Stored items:
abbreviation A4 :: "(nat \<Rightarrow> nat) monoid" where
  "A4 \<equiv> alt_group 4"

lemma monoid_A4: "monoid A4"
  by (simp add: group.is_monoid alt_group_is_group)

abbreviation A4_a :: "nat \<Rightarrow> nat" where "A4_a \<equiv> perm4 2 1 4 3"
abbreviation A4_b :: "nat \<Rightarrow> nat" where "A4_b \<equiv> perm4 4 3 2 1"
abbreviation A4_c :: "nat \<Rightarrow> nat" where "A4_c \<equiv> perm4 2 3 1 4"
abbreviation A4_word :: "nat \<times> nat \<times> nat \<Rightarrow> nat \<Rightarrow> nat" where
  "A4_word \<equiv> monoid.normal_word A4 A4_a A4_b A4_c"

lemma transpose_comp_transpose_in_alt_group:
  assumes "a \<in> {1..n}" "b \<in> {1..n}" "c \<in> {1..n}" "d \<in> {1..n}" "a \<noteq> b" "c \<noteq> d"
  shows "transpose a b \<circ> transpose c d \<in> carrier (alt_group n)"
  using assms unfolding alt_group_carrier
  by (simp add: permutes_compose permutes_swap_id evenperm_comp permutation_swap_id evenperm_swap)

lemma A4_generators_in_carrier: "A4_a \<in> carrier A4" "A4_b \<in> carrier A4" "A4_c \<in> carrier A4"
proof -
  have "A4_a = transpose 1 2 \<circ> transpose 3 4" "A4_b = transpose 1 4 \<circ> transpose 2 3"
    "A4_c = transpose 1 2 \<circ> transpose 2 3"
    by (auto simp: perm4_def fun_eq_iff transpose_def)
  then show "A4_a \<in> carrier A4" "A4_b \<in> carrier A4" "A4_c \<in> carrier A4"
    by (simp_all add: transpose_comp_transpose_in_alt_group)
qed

__What you need to do__.
Working through the data above, find every line holding "circ" and copy it.

__Output of the task__.
  shows "transpose a b \<circ> transpose c d \<in> carrier (alt_group n)"
  have "A4_a = transpose 1 2 \<circ> transpose 3 4" "A4_b = transpose 1 4 \<circ> transpose 2 3"
    "A4_c = transpose 1 2 \<circ> transpose 2 3"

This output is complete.